A practical example: MIB students learn what criteria must be followed to define or determine how to build an application, if it is better to make a part with custom development or if it is better to use existing SaaS, advantages and disadvantages of each option, criteria to follow at the time of choosing it, etc. Without forgetting the integrations, that is, how all these pieces come together so that they work in a coordinated way.

The second great block of knowledge revolves around technology innovation. “We talk about Artificial Intelligence, IoT, 5G, Metaverse, Web3, etc. But always from the approach of actionable innovation. That is, things that already exist and that can be applied in the day-to-day of companies, and with guidance on how to take advantage of these innovations to add functionality to those applications that we build”, clarifies the director of the MIB Technology Module. Finally, there is a third block that is more complementary content, such as cybersecurity or no-code tools.
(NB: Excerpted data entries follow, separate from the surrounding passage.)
lemma hypergeom_terminating:
  assumes "- of_nat N \<in> set as"
  shows "hypergeom as bs z = (\<Sum>n<Suc N.
    prod_list (map (\<lambda>a. pochhammer a n) as) / prod_list (map (\<lambda>b. pochhammer b n) bs) * z ^ n / fact n)"
  unfolding hypergeom_def
proof (rule suminf_finite)
  fix n assume "n \<notin> {..<Suc N}"
  then have "pochhammer (- of_nat N :: complex) n = 0"
    by (simp add: pochhammer_of_nat_eq_0_lemma)
  then have "prod_list (map (\<lambda>a. pochhammer a n) as) = 0"
    using assms by (force simp: prod_list_zero_iff)
  then show "prod_list (map (\<lambda>a. pochhammer a n) as) / prod_list (map (\<lambda>b. pochhammer b n) bs) * z ^ n / fact n = 0"
    by simp
qed simp

lemma hypergeom_7F6_term_eq:
  fixes a b d f :: "'a::field_char_0"
  assumes a: "a \<noteq> 0" and f: "f \<noteq> 0" "a - f \<noteq> 0"
    and nz: "pochhammer (a/2) n \<noteq> 0" "pochhammer (1+a-b) n \<noteq> 0" "pochhammer f n \<noteq> 0"
      "pochhammer (1+a-d) n \<noteq> 0" "pochhammer (a-f) n \<noteq> 0" "pochhammer (1+a+of_nat N) n \<noteq> 0"
  shows "prod_list (map (\<lambda>x. pochhammer x n) [a, 1 + a/2, b, a-f+1, d, f+1, - of_nat N])
      / prod_list (map (\<lambda>x. pochhammer x n) [a/2, 1+a-b, f, 1+a-d, a-f, 1+a+of_nat N]) * 1 ^ n / fact n
    = dougall_term a b d N n + of_nat n * (a + of_nat n) * dougall_term a b d N n / ((a - f) * f)"
proof -
  have s1: "pochhammer (1 + a/2) n = (a/2 + of_nat n) / (a/2) * pochhammer (a/2) n"
    using pochhammer_plus_1[of "a/2" n] a by (simp add: add.commute)
  have s2: "pochhammer (a-f+1) n = (a-f + of_nat n) / (a-f) * pochhammer (a-f) n"
    and s3: "pochhammer (f+1) n = (f + of_nat n) / f * pochhammer f n"
    using pochhammer_plus_1 f by blast+
  show ?thesis
    unfolding list.map prod_list.Cons prod_list.Nil s1 s2 s3 dougall_term_def well_poised_term_def
    using a f nz by (simp add: field_simps)
qed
The benefits of taking the MIB are many, but one stands out above the rest: "students are able to dialogue with technicians." It is the greatest feedback that Royán receives when they tell him that in the meetings with the technicians they can give their opinion and contribute when before they remained silent “because they did not understand anything”. Thanks to this dialogue, they are able to set up a technology team, subcontract technological development to a supplier or think of differentiating factors, using everything they have learned.

MIB or technology at the service of its leaders' decision-making, but not the other way around. “Business people are not expected to become technologists, they are expected to understand technology and know how to apply it to the business with a competitive advantage”, argues Marcelo Royán. At ISDI they have found the formula: the MIB, a 360 program that trains professionals with a great front-end (knowledge in strategy, business, vision...) but also a great back-end (technology, tools, systems...).